An introduction to machine learning using MLJ and the Titanic
dataset. Explains how to train a simple decision tree model and
evaluate it's performance on a holdout set.

MLJ is a *multi-paradigm* machine learning toolbox (i.e., not just
deep-learning).

For other MLJ learning resources see the [Learning
MLJ](https://alan-turing-institute.github.io/MLJ.jl/dev/learning_mlj/)
section of the
[manual](https://alan-turing-institute.github.io/MLJ.jl/dev/).

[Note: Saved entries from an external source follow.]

(* Let $d=\mu_+-\mu_->0$. For every $\epsilon\in\left[0,\frac{d}{2}\right]$ and every $K\in\left(1,B_K(\epsilon)\right]$, where $$B_K(\epsilon)=\min\left\{\exp\!\left(\frac{(d-2\epsilon)^2}{2}\right),\ \frac{d}{\epsilon}-1\right\}$$ (with $d/\epsilon:=+\infty$ when $\epsilon=0$), the optimal fair, natural and robust thresholds satisfy $$\mu_-+\epsilon\;\le\;\theta_{\mathrm f}\;\le\;\theta^*\;\le\;\theta^{(\epsilon)}_{\mathrm r}\;\le\;\mu_+-\epsilon .$$ Moreover, for fixed $\mu_\pm$ and $K$, the map $\epsilon\mapsto\theta^{(\epsilon)}_{\mathrm r}$ is increasing on the set of $\epsilon\in\left[0,\frac d2\right]$ for which $K\le B_K(\epsilon)$.
   Context: Setting (one-dimensional Gaussian mixture). Fix real numbers $\mu_-<\mu_+$ and $K>1$, and let $d=\mu_+-\mu_-$. Let $(X,Y)$ be a random pair with $\Pr(Y=1)=\Pr(Y=-1)=\tfrac12$, $X\mid Y=-1\sim\mathcal N(\mu_-,1)$, and $X\mid Y=1\sim\mathcal N(\mu_+,K^2)$ ($K^2$ is the variance). For $\theta\in\mathbb R$, the threshold classifier $f_\theta$ is given by $f_\theta(x)=1$ if $x>\theta$ and $f_\theta(x)=-1$ otherwise. The class-conditional error rates are $e_+(\theta)=\Pr(f_\theta(X)\ne 1\mid Y=1)=\Pr(X\le\theta\mid Y=1)$ and $e_-(\theta)=\Pr(f_\theta(X)\ne -1\mid Y=-1)=\Pr(X>\theta\mid Y=-1)$. The natural error is $R_{\mathrm{nat}}(\theta)=\Pr(f_\theta(X)\ne Y)=\tfrac12 e_+(\theta)+\tfrac12 e_-(\theta)$. For $\epsilon\ge 0$, the robust error is $R_{\mathrm{rob}}^{\epsilon}(\theta)=\Pr(\exists\tau,\ |\tau|\le\epsilon,\ f_\theta(X+\tau)\ne Y)=\tfrac12\Pr(X\le\theta+\epsilon\mid Y=1)+\tfrac12\Pr(X>\theta-\epsilon\mid Y=-1)$. Optimal models (all thresholds restricted to $[\mu_-,\mu_+]$): $\theta^*$ is the minimizer of $R_{\mathrm{nat}}$ over $[\mu_-,\mu_+]$ (the Bayes/natural classifier); $\theta_{\mathrm f}$ is the threshold in $[\mu_-,\mu_+]$ at which the class-conditional errors are equal, $e_+(\theta_{\mathrm f})=e_-(\theta_{\mathrm f})$ (the optimal accuracy-parity fair classifier, i.e. the lexicographic minimizer of first $|e_+(\theta)-e_-(\theta)|$ and then $R_{\mathrm{nat}}(\theta)$); $\theta^{(\epsilon)}_{\mathrm r}$ is the minimizer of $R^{\epsilon}_{\mathrm{rob}}$ over $[\mu_-,\mu_+]$ (the optimal robust classifier). *)

theory Defs
  imports "HOL-Probability.Probability"
begin

text \<open>Class-conditional laws: X | Y=-1 ~ N(mu_m, 1), X | Y=1 ~ N(mu_p, K^2)
  (normal_density m s has standard deviation s).\<close>

definition law_pos :: "real \<Rightarrow> real \<Rightarrow> real measure" where
  "law_pos mu_p K = density lborel (normal_density mu_p K)"

definition law_neg :: "real \<Rightarrow> real measure" where
  "law_neg mu_m = density lborel (normal_density mu_m 1)"

definition e_pos :: "real \<Rightarrow> real \<Rightarrow> real \<Rightarrow> real" where
  "e_pos mu_p K theta = measure (law_pos mu_p K) {..theta}"

definition e_neg :: "real \<Rightarrow> real \<Rightarrow> real" where
  "e_neg mu_m theta = measure (law_neg mu_m) {theta<..}"

definition R_nat :: "real \<Rightarrow> real \<Rightarrow> real \<Rightarrow> real \<Rightarrow> real" where
  "R_nat mu_m mu_p K theta = e_pos mu_p K theta / 2 + e_neg mu_m theta / 2"

definition R_rob :: "real \<Rightarrow> real \<Rightarrow> real \<Rightarrow> real \<Rightarrow> real \<Rightarrow> real" where
  "R_rob mu_m mu_p K eps theta =
     measure (law_pos mu_p K) {..theta + eps} / 2 + measure (law_neg mu_m) {theta - eps<..} / 2"

definition is_minimizer_on :: "(real \<Rightarrow> real) \<Rightarrow> real set \<Rightarrow> real \<Rightarrow> bool" where
  "is_minimizer_on f S x \<longleftrightarrow> x \<in> S \<and> (\<forall>y\<in>S. f x \<le> f y)"

definition B_K :: "real \<Rightarrow> real \<Rightarrow> real \<Rightarrow> real" where
  "B_K mu_m mu_p eps =
     (if eps = 0 then exp (((mu_p - mu_m) - 2 * eps)^2 / 2)
      else min (exp (((mu_p - mu_m) - 2 * eps)^2 / 2)) ((mu_p - mu_m) / eps - 1))"

end

theory Submission
  imports Defs
begin

text \<open>With \<Phi> the standard normal distribution function, the robust risk is
  \<open>R\<^sub>\<epsilon>(\<theta>) = (\<Phi>((\<theta> + \<epsilon> - \<mu>\<^sub>+) / K) + \<Phi>(\<mu>\<^sub>- + \<epsilon> - \<theta>)) / 2\<close>, and the natural risk is \<open>R\<^sub>0\<close>.
  The derivative of \<open>R\<^sub>\<epsilon>\<close> has the sign of
  \<open>H\<^sub>\<epsilon>(\<theta>) = (\<theta> - \<epsilon> - \<mu>\<^sub>-)\<^sup>2 - (\<theta> + \<epsilon> - \<mu>\<^sub>+)\<^sup>2 / K\<^sup>2 - 2 ln K\<close>, twice the logarithm of the
  ratio of its two Gaussian terms. The bound \<open>K \<le> d/\<epsilon> - 1\<close> makes \<open>H\<^sub>\<epsilon>\<close> negative left of
  \<open>\<mu>\<^sub>- + \<epsilon>\<close>, the bound \<open>K \<le> exp((d - 2\<epsilon>)\<^sup>2/2)\<close> makes it positive right of \<open>\<mu>\<^sub>+ - \<epsilon>\<close>, and it
  increases strictly in between. So \<open>H\<^sub>\<epsilon>\<close> changes sign exactly once on \<open>[\<mu>\<^sub>-, \<mu>\<^sub>+]\<close>, and
  \<open>R\<^sub>\<epsilon>\<close> has a unique minimiser there, namely the root of \<open>H\<^sub>\<epsilon>\<close>. Expanding \<open>H\<^sub>\<epsilon>\<^sub>'\<close> around
  that root shows \<open>H\<^sub>\<epsilon>\<^sub>'\<close> is positive there for \<open>\<epsilon>' < \<epsilon>\<close>, which gives monotonicity in \<open>\<epsilon>\<close>.
  Equal error rates mean \<open>\<theta> - \<mu>\<^sub>+ = K (\<mu>\<^sub>- - \<theta>)\<close>, i.e. \<open>\<theta>\<^sub>f = \<mu>\<^sub>- + d / (1 + K)\<close>, where
  \<open>H\<^sub>0(\<theta>\<^sub>f) = -2 ln K < 0\<close>; hence \<open>\<theta>\<^sub>f\<close> lies left of the natural threshold.\<close>

definition std_normal_cdf :: "real \<Rightarrow> real" where
  "std_normal_cdf t = (\<integral>x. std_normal_density x * indicator {..t} x \<partial>lborel)"
(* Let $f:(0,\infty)\to(0,\infty)$ be continuous with $f\in\mathrm{RV}_0(\beta)$ for some $\beta>1$, let $F(x)=\int_x^1\frac{du}{f(u)}$ and $F^{-1}$ its inverse. Let $\varphi:(0,\infty)\to(0,\infty)$ be continuous and strictly increasing with $\varphi(x)\to0$ as $x\to0^+$ and $\lim_{x\to0^+}f(x)/\varphi(x)=1$. Let $\theta>0$ and let $\gamma:(0,\infty)\to(0,\infty)$ be continuous, strictly decreasing, with $\gamma\in\mathrm{RV}_\infty(-\theta)$ and $\gamma(t)\to0$ as $t\to\infty$. If \[ \lim_{t\to\infty}\frac{f(F^{-1}(t))}{\gamma(t)}=0, \] then \[ \lim_{t\to\infty}\frac{\varphi^{-1}(\gamma(t))}{t\,\gamma(t)}=0. \]
   Context: $\mathrm{RV}_0(\beta)$: measurable positive $\varphi$ on $(0,\infty)$ with $\varphi(\lambda x)/\varphi(x)\to\lambda^\beta$ as $x\to0^+$ for every $\lambda>0$. $\mathrm{RV}_\infty(\alpha)$: measurable positive $h$ with $h(\lambda t)/h(t)\to\lambda^\alpha$ as $t\to\infty$ for every $\lambda>0$. *)

theory Defs
  imports "HOL-Analysis.Analysis"
begin

definition RV_zero :: "real \<Rightarrow> (real \<Rightarrow> real) \<Rightarrow> bool" where
  "RV_zero \<beta> \<phi> \<longleftrightarrow>
     set_borel_measurable borel {0<..} \<phi> \<and> (\<forall>x>0. \<phi> x > 0) \<and>
     (\<forall>l>0. ((\<lambda>x. \<phi> (l * x) / \<phi> x) \<longlongrightarrow> l powr \<beta>) (at_right 0))"

definition RV_inf :: "real \<Rightarrow> (real \<Rightarrow> real) \<Rightarrow> bool" where
  "RV_inf \<alpha> h \<longleftrightarrow>
     set_borel_measurable borel {0<..} h \<and> (\<forall>t>0. h t > 0) \<and>
     (\<forall>l>0. ((\<lambda>t. h (l * t) / h t) \<longlongrightarrow> l powr \<alpha>) at_top)"

end

theory Submission
  imports Defs
begin

text \<open>
  Since \<open>f \<sim> \<phi>\<close> with \<open>\<phi>\<close> increasing, \<open>f\<close> is increasing up to a factor 4 near 0, so \<open>1/f\<close> is
  bounded below on an interval by its value at the right end point. Integrating over \<open>[x, 2x]\<close>
  and using regular variation gives \<open>x \<le> K f(x) F(x)\<close>; as \<open>\<beta> > 1\<close>, \<open>x / f(x)\<close> is unbounded near 0,
  so \<open>F\<close> maps \<open>(0, 1]\<close> onto \<open>[0, \<infinity>)\<close>.
  Now let \<open>x = F^-1(t)\<close>, \<open>u = \<phi>^-1(\<gamma>(t))\<close> and \<open>L\<close> be large. Either \<open>u \<le> L x\<close>, or on \<open>[x, u/L]\<close>
  we have \<open>f \<le> 4 f(u/L) \<le> 8 L^-\<beta> f(u) \<le> 16 L^-\<beta> \<gamma>(t)\<close>, and the integral of \<open>1/f\<close> over this
  interval, being at most \<open>t\<close>, bounds \<open>u/L - x\<close> by \<open>16 L^-\<beta> \<gamma>(t) t\<close>. Hence
  \<open>u / (t \<gamma>(t)) \<le> 16 L^(1-\<beta>) + L K f(x) / \<gamma>(t)\<close>: the first term is small as \<open>\<beta> > 1\<close>, and the
  second tends to 0 by hypothesis.
\<close>

text \<open>This replaces monotonicity of \<open>f\<close>, which is not assumed.\<close>

definition almost_increasing_at_0 :: "real \<Rightarrow> (real \<Rightarrow> real) \<Rightarrow> bool" where
  "almost_increasing_at_0 C f \<longleftrightarrow>
     (\<exists>\<delta>>0. \<forall>v w. 0 < v \<longrightarrow> v \<le> w \<longrightarrow> w < \<delta> \<longrightarrow> f v \<le> C * f w)"

section \<open>The primitive of \<open>1/f\<close>\<close>

lemma integral_reciprocal_ge:
  fixes f :: "real \<Rightarrow> real"
  assumes cont: "continuous_on {a..b} f" and "a \<le> b" "0 < M"
    and bound: "\<And>v. v \<in> {a..b} \<Longrightarrow> 0 < f v \<and> f v \<le> M"
  shows "(b - a) / M \<le> integral {a..b} (\<lambda>u. 1 / f u)"
proof -
  have "continuous_on {a..b} (\<lambda>u. 1 / f u)"
    using bound by (intro continuous_on_divide continuous_on_const cont) force
  then have "integral {a..b} (\<lambda>u. 1 / M) \<le> integral {a..b} (\<lambda>u. 1 / f u)"
    using bound by (intro integral_le integrable_continuous_real) (auto simp: frac_le)
  with \<open>a \<le> b\<close> show ?thesis by simp
qed

definition recip_integral :: "(real \<Rightarrow> real) \<Rightarrow> real \<Rightarrow> real" where
  "recip_integral f x = (LBINT u=x..1. 1 / f u)"

context
  fixes f :: "real \<Rightarrow> real"
  assumes f_cont: "continuous_on {0<..} f" and f_pos: "\<forall>x>0. 0 < f x"
begin

lemma continuous_on_reciprocal: "0 < a \<Longrightarrow> continuous_on {a..b} (\<lambda>u. 1 / f u)"
  using f_pos by (intro continuous_on_divide continuous_on_const continuous_on_subset[OF f_cont])
    (auto, metis less_le_trans order_less_irrefl)

lemma integral_reciprocal_nonneg: "0 < x \<Longrightarrow> 0 \<le> integral {x..y} (\<lambda>u. 1 / f u)"
  using f_pos continuous_on_reciprocal[of x y]
  by (intro integral_nonneg integrable_continuous_real) (auto simp: less_imp_le)

lemma recip_integral_eq_integral:
  assumes "0 < x" "x \<le> 1"
  shows "recip_integral f x = integral {x..1} (\<lambda>u. 1 / f u)"
  unfolding recip_integral_def one_ereal_def
  using assms continuous_on_reciprocal[of x 1]
  by (intro interval_integral_eq_integral) (auto intro: borel_integrable_atLeastAtMost')

lemma recip_integral_nonpos:
  assumes "1 \<le> x"
  shows "recip_integral f x \<le> 0"
proof -
  have "recip_integral f x = - (LBINT u=ereal 1..ereal x. 1 / f u)"
    unfolding recip_integral_def one_ereal_def by (rule interval_integral_endpoints_reverse)
  also have "\<dots> = - integral {1..x} (\<lambda>u. 1 / f u)"
    using assms continuous_on_reciprocal[of 1 x]
    by (subst interval_integral_eq_integral) (auto intro: borel_integrable_atLeastAtMost')
  also have "\<dots> \<le> 0"
    using integral_reciprocal_nonneg[of 1 x] by simp
  finally show ?thesis .
qed

lemma recip_integral_split:
  assumes "0 < x" "x \<le> y" "y \<le> 1"
  shows "recip_integral f x = integral {x..y} (\<lambda>u. 1 / f u) + recip_integral f y"
  using assms recip_integral_eq_integral[of x] recip_integral_eq_integral[of y]
    Henstock_Kurzweil_Integration.integral_combine[OF assms(2,3)
      integrable_continuous_real[OF continuous_on_reciprocal[OF assms(1)]]]
  by simp

lemma recip_integral_nonneg: "0 < x \<Longrightarrow> x \<le> 1 \<Longrightarrow> 0 \<le> recip_integral f x"
  using recip_integral_eq_integral integral_reciprocal_nonneg by simp

lemma recip_integral_antimono:
  "0 < x \<Longrightarrow> x \<le> y \<Longrightarrow> y \<le> 1 \<Longrightarrow> recip_integral f y \<le> recip_integral f x"
  using recip_integral_split integral_reciprocal_nonneg by fastforce

lemma recip_integral_ge:
  assumes "0 < x" "x \<le> y" "y \<le> 1" "0 < M" and bound: "\<And>v. v \<in> {x..y} \<Longrightarrow> f v \<le> M"
  shows "(y - x) / M \<le> recip_integral f x"
proof -
  have "(y - x) / M \<le> integral {x..y} (\<lambda>u. 1 / f u)"
    using assms f_pos by (intro integral_reciprocal_ge continuous_on_subset[OF f_cont]) auto
  also have "\<dots> \<le> recip_integral f x"
    using assms recip_integral_split recip_integral_nonneg[of y] by simp
  finally show ?thesis .
qed

lemma continuous_on_recip_integral: "0 < a \<Longrightarrow> continuous_on {a..1} (recip_integral f)"
  using indefinite_integral_continuous_1'[OF integrable_continuous_real[OF continuous_on_reciprocal]]
  by (rule continuous_on_eq) (auto simp: recip_integral_eq_integral)

text \<open>
  \<open>recip_integral f\<close> need not be injective, so \<open>inv_into\<close> picks an arbitrary preimage; it lies
  in \<open>(0, 1]\<close> because \<open>recip_integral f \<le> 0\<close> on \<open>[1, \<infinity>)\<close>.
\<close>

lemma recip_integral_inverse:
  assumes top: "filterlim (recip_integral f) at_top (at_right 0)" and "0 < t"
  shows "inv_into {0<..} (recip_integral f) t \<in> {0<..1}"
    and "recip_integral f (inv_into {0<..} (recip_integral f) t) = t"
proof -
  have "\<forall>\<^sub>F x in at_right (0::real). x < 1"
    unfolding eventually_at_right_field by (intro exI[of _ 1]) auto
  then have "\<forall>\<^sub>F x in at_right 0. t \<le> recip_integral f x \<and> 0 < x \<and> x < 1"
    using top[unfolded filterlim_at_top] eventually_at_right_less[of 0] by (intro eventually_conj) auto
  then obtain s where s: "0 < s" "s < 1" "t \<le> recip_integral f s"
    using eventually_happens'[OF trivial_limit_at_right_real] by blast
  moreover have "recip_integral f 1 = 0"
    using recip_integral_eq_integral[of 1] by simp
  ultimately obtain x where "s \<le> x" "x \<le> 1" "recip_integral f x = t"
    using IVT2'[of "recip_integral f" 1 t s] continuous_on_recip_integral \<open>0 < t\<close> by force
  with s have t_image: "t \<in> recip_integral f ` {0<..}" by force
  then show inverse_eq: "recip_integral f (inv_into {0<..} (recip_integral f) t) = t"
    by (rule f_inv_into_f)
  have "\<not> 1 < inv_into {0<..} (recip_integral f) t"
    using recip_integral_nonpos[of "inv_into {0<..} (recip_integral f) t"] inverse_eq \<open>0 < t\<close>
    by linarith
  with inv_into_into[OF t_image] show "inv_into {0<..} (recip_integral f) t \<in> {0<..1}"
    by auto
qed

lemma recip_integral_inverse_tendsto_0:
  assumes top: "filterlim (recip_integral f) at_top (at_right 0)"
  shows "filterlim (inv_into {0<..} (recip_integral f)) (at_right 0) at_top"
proof -
  let ?X = "inv_into {0<..} (recip_integral f)"
  have pos: "\<forall>\<^sub>F t in at_top. ?X t \<in> {0<..1} \<and> recip_integral f (?X t) = t"
    using eventually_gt_at_top[of 0] by eventually_elim (use recip_integral_inverse[OF top] in auto)
  have "\<forall>\<^sub>F t in at_top. ?X t < e" if "0 < e" for e
    using pos eventually_gt_at_top[of "max 0 (recip_integral f (min e 1))"]
  proof eventually_elim
    case (elim t)
    then show ?case
      using recip_integral_antimono[of "min e 1" "?X t"] \<open>0 < e\<close> by force
  qed
  then have "(?X \<longlongrightarrow> 0) at_top"
    using pos by (intro order_tendstoI) (auto elim: eventually_mono)
  then show ?thesis
    using pos by (intro tendsto_imp_filterlim_at_right) (auto elim: eventually_mono)
qed
(* Let $P(t)=\binom{r+t}{r}-\binom{r+t-d}{r}$. For every $x\in\mathrm{Hilb}^P(\mathbb{P}^r_k)$ that is unstable (at level $d$) there exists $g_x\in G=\mathrm{GL}_{r+1}(k)$ such that $$|\Delta_{g_x.x,d}|=\max_{h\in G}|\Delta_{h.x,d}|\quad\text{and}\quad n_{H_x}=n_{H_{g_x.x}}=n_{e,H_{g_x.x}},$$ where $e=[1:0:\cdots:0]$.
   Context: $k$ is an algebraically closed field, $S=k[x_0,\dots,x_r]$, $S_d$ its degree-$d$ part; points $x$ of $\mathrm{Hilb}^P(\mathbb{P}^r_k)$ are hypersurfaces $H_x=V(f)$ with $0\ne f\in S_d$. $G$ acts on $S_1=\mathrm{span}(x_0,\dots,x_r)$ by the standard representation, hence on $S$; $g.x$ corresponds to $V(g.f)$. $T$ is the diagonal torus of $\mathrm{SL}_{r+1}(k)$; $\lambda=(a_0,\dots,a_r)$ with $\sum a_i=0$ denotes $s\mapsto\mathrm{diag}(s^{a_i})$, with Euclidean norm $\Vert\lambda\Vert$. The state $\Xi_{x,d}$ is the set of exponent vectors in $\mathbb{R}^{r+1}$ of the monomials with nonzero coefficient in $f$, and $|\Delta_{x,d}|=\max_{0\ne\lambda\in\Gamma(T)}\min_{m\in\Xi_{x,d}}\langle\lambda,m\rangle/\Vert\lambda\Vert$ (the distance from $\frac{d}{r+1}(1,\dots,1)$ to the convex hull of $\Xi_{x,d}$). $x$ is unstable iff $\max_{h\in G}|\Delta_{h.x,d}|>0$ (equivalently, some one-parameter subgroup $\lambda$ of $\mathrm{SL}_{r+1}(k)$ has positive Hilbert–Mumford weight $\mu([f],\lambda)$, the minimal $\lambda$-weight of a nonzero component of $f$). Multiplicity: for $X=V(f)$, writing $f=\sum_j x_0^{d-j}f_j(x_1,\dots,x_r)$ with $f_j$ homogeneous of degree $j$, $n_{e,X}=\min\{j:f_j\ne0\}$; for a point $p$, $n_{p,X}$ is defined likewise after a linear coordinate change sending $p$ to $e$ (coordinate independent; the degree of the tangent cone), and $n_X=\max_{p\in\mathbb{P}^r_k}n_{p,X}$. *)

theory Defs
  imports "HOL-Analysis.Analysis" "HOL-Library.Poly_Mapping"
begin

text \<open>Polynomials in the variables x_0, x_1, ... over a field: finitely supported maps
  from exponent vectors exponent vectors to coefficients.\<close>
type_synonym 'k mpoly = "(nat \<Rightarrow>\<^sub>0 nat) \<Rightarrow>\<^sub>0 'k"

definition alg_closed_field :: "'k::field itself \<Rightarrow> bool" where
  "alg_closed_field _ \<longleftrightarrow>
     (\<forall>n>0. \<forall>c :: nat \<Rightarrow> 'k. \<exists>z. z ^ n + (\<Sum>i<n. c i * z ^ i) = 0)"

definition Var :: "nat \<Rightarrow> 'k::comm_ring_1 mpoly" where
  "Var i = Poly_Mapping.single (Poly_Mapping.single i 1) 1"

definition Const :: "'k::comm_ring_1 \<Rightarrow> 'k mpoly" where
  "Const c = Poly_Mapping.single 0 c"

definition mdeg :: "(nat \<Rightarrow>\<^sub>0 nat) \<Rightarrow> nat" where
  "mdeg m = (\<Sum>i\<in>Poly_Mapping.keys m. Poly_Mapping.lookup m i)"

## Activate package environment

In [1]:
using Pkg
Pkg.activate(joinpath(@__DIR__, "..", ".."))
Pkg.instantiate()

  Activating project at `~/GoogleDrive/Julia/HelloJulia`


## Establishing correct data representation

In [2]:
using MLJ
import DataFrames

[ Info: Precompiling MLJ [add582a8-e3ab-11e8-2d5e-e98b27df1bc7]


A ["scientific
type"](https://juliaai.github.io/ScientificTypes.jl/dev/) or
*scitype* indicates how MLJ will *interpret* data (as opposed to how
it is represented on your machine). For example, while we have

In [3]:
typeof(3.14)

Float64

we have

In [4]:
scitype(3.14)

ScientificTypesBase.Continuous

and also

In [5]:
scitype(3.143f0)

ScientificTypesBase.Continuous

In MLJ, model data requirements are articulated using scitypes.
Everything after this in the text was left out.